The BaseSpace Suite also includes two programs geared to the interests of larger labs connected to hospital networks or pharma companies. Cohort Analyzer, previously called NextBio Clinical, connects genomic data with individual patient IDs, to track traits and outcomes across groups of individuals and over time. Correlation Engine, previously NextBio Research, is aimed more at basic research, tapping into the NextBio and Illumina knowledge base for gene pathway analyses and preclinical studies on disease models.
Illumina is not the only sequencing company to move heavily into software in recent years. Thermo Fisher has a similar unified solution in its Torrent Suite and Ion Reporter software, and QIAGEN, which recently released its first sequencer, embedded analysis and interpretation software as a package with the machine.

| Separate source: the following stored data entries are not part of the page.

text \<open>
  A closed walk \<open>x\<^sub>1, \<dots>, x\<^sub>n, x\<^sub>1\<close> is recorded without repeating \<open>x\<^sub>1\<close>, so that its cyclic
  shifts are again closed walks. Only \<open>n \<ge> 1\<close> is meaningful (\<open>hd []\<close> and \<open>last []\<close> are junk).
\<close>

definition closed_walks :: "('a \<Rightarrow> 'a \<Rightarrow> bool) \<Rightarrow> nat \<Rightarrow> 'a list set" where
  "closed_walks E n = {xs. length xs = n \<and> successively E xs \<and> E (last xs) (hd xs)}"

lemma card_walks_0: "card (walks E 0 u v) = of_bool (u = v)"
  by (simp add: walks_def)

lemma walks_Suc: "walks E (Suc n) u v = (\<Union>w\<in>{w. E u w}. Cons w ` walks E n w v)"
  by (auto simp: walks_def length_Suc_conv image_iff)

lemma rotate1_closed_walk:
  assumes "xs \<in> closed_walks E n" "2 \<le> n" "\<And>v. \<not> E v v"
  shows "rotate1 xs \<in> closed_walks E n" "rotate1 xs \<noteq> xs"
proof -
  have "length xs \<ge> 2" using assms(1,2) by (simp add: closed_walks_def)
  then obtain x ys where xs: "xs = x # ys" and ys: "ys \<noteq> []"
    by (cases xs) (auto simp: Suc_le_length_iff)
  then show "rotate1 xs \<in> closed_walks E n"
    using assms(1) by (auto simp: closed_walks_def successively_Cons successively_append_iff)
  have "E x (hd ys)" using assms(1) xs ys by (simp add: closed_walks_def successively_Cons)
  then show "rotate1 xs \<noteq> xs" using xs ys assms(3) by (cases ys) auto
qed

lemma prime_dvd_card_closed_walks:
  assumes "finite (closed_walks E p)" "prime p" "\<And>v. \<not> E v v"
  shows "p dvd card (closed_walks E p)"
proof (rule prime_dvd_card_if_fixpoint_free_period[where f = rotate1])
  have "2 \<le> p" using assms(2) prime_ge_2_nat by blast
  then show "rotate1 ` closed_walks E p \<subseteq> closed_walks E p"
    and "\<And>xs. xs \<in> closed_walks E p \<Longrightarrow> rotate1 xs \<noteq> xs"
    using rotate1_closed_walk assms(3) by blast+
  show "\<And>xs. xs \<in> closed_walks E p \<Longrightarrow> (rotate1 ^^ p) xs = xs"
    by (simp add: closed_walks_def rotate_def[symmetric])
qed (use assms in auto)

locale regular_graph =
  fixes V :: "'a set" and E :: "'a \<Rightarrow> 'a \<Rightarrow> bool" and r :: nat
  assumes simple: "simple_graph V E" and regular: "regular V E r"

context regular_graph
begin

lemma finite_V: "finite V"
  and adj_in_V: "E u v \<Longrightarrow> u \<in> V \<and> v \<in> V"
  and adj_sym: "E u v \<Longrightarrow> E v u"
  and adj_irrefl: "\<not> E v v"
  using simple unfolding simple_graph_def by auto

lemma card_neighbors: "v \<in> V \<Longrightarrow> card (neighbors V E v) = r"
  using regular unfolding regular_def by auto

lemma card_neighbors_in:
  assumes "v \<in> V" shows "card {u\<in>V. E u v} = r"
proof -
  have "{u\<in>V. E u v} = neighbors V E v" unfolding neighbors_def using adj_sym by blast
  then show ?thesis using card_neighbors[OF assms] by simp
qed

lemma finite_neighbors: "finite (neighbors V E v)"
  using finite_V unfolding neighbors_def by auto

lemma neighbors_eq: "neighbors V E v = {w. E v w}"
  unfolding neighbors_def using adj_in_V by auto

lemma common_neighbors_eq: "common_neighbors V E u v = {w\<in>neighbors V E u. E w v}"
  unfolding common_neighbors_def neighbors_def using adj_sym by auto

lemma common_neighbors_self: "common_neighbors V E v v = neighbors V E v"
  unfolding common_neighbors_def by simp

lemma walks_subset_lists: "walks E n u v \<subseteq> {xs. set xs \<subseteq> V \<and> length xs = n}"
proof -
  have "set xs \<subseteq> V" if "successively E (u # xs)" for xs
    using that by (induction xs arbitrary: u) (auto simp: successively_Cons dest: adj_in_V)
  then show ?thesis unfolding walks_def by blast
qed

lemma finite_walks: "finite (walks E n u v)"
  using finite_subset[OF walks_subset_lists finite_lists_length_eq[OF finite_V]] .

lemma card_walks_Suc: "card (walks E (Suc n) u v) = (\<Sum>w\<in>neighbors V E u. card (walks E n w v))"
  unfolding walks_Suc neighbors_eq[symmetric]
  by (subst card_UN_disjoint) (auto simp: finite_neighbors finite_walks card_image)

lemma card_walks_Suc_Suc:
  "card (walks E (Suc (Suc n)) u v) = (\<Sum>x\<in>V. card (common_neighbors V E u x) * card (walks E n x v))"
proof -
  have "card (walks E (Suc (Suc n)) u v)
      = (\<Sum>w\<in>neighbors V E u. \<Sum>x\<in>{x\<in>V. E w x}. card (walks E n x v))"
    by (simp add: card_walks_Suc neighbors_def)
  also have "\<dots> = (\<Sum>x\<in>V. card (common_neighbors V E u x) * card (walks E n x v))"
    by (simp add: sum_sum_filter_swap finite_neighbors finite_V common_neighbors_eq)
  finally show ?thesis .
qed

The BaseSpace model, however, is slightly less of a walled garden, letting users add or swap in third-party tools from the Sequence Hub while keeping their data inside the Illumina cloud. There are currently around 80 apps in BaseSpace, almost half from outside developers, who may make their tools free or charge on a subscription or pay-as-you-go basis. Because Illumina charges for storage and for the BaseSpace Suite as a service, not for the use of its tools, the company’s incentive is to invite as many new programs into the Sequence Hub as possible, even where they overlap with its own products.
“If I look at the whole industry, there’s a lot of do-it-yourself out there, but especially the [customers] that are commercially focused are looking for package solutions,” says Chikarmane. “We want to make sure that between our own applications we are as seamlessly integrated as possible, so they have a certain advantage. But we don’t do anything to prevent them from adopting third party applications.”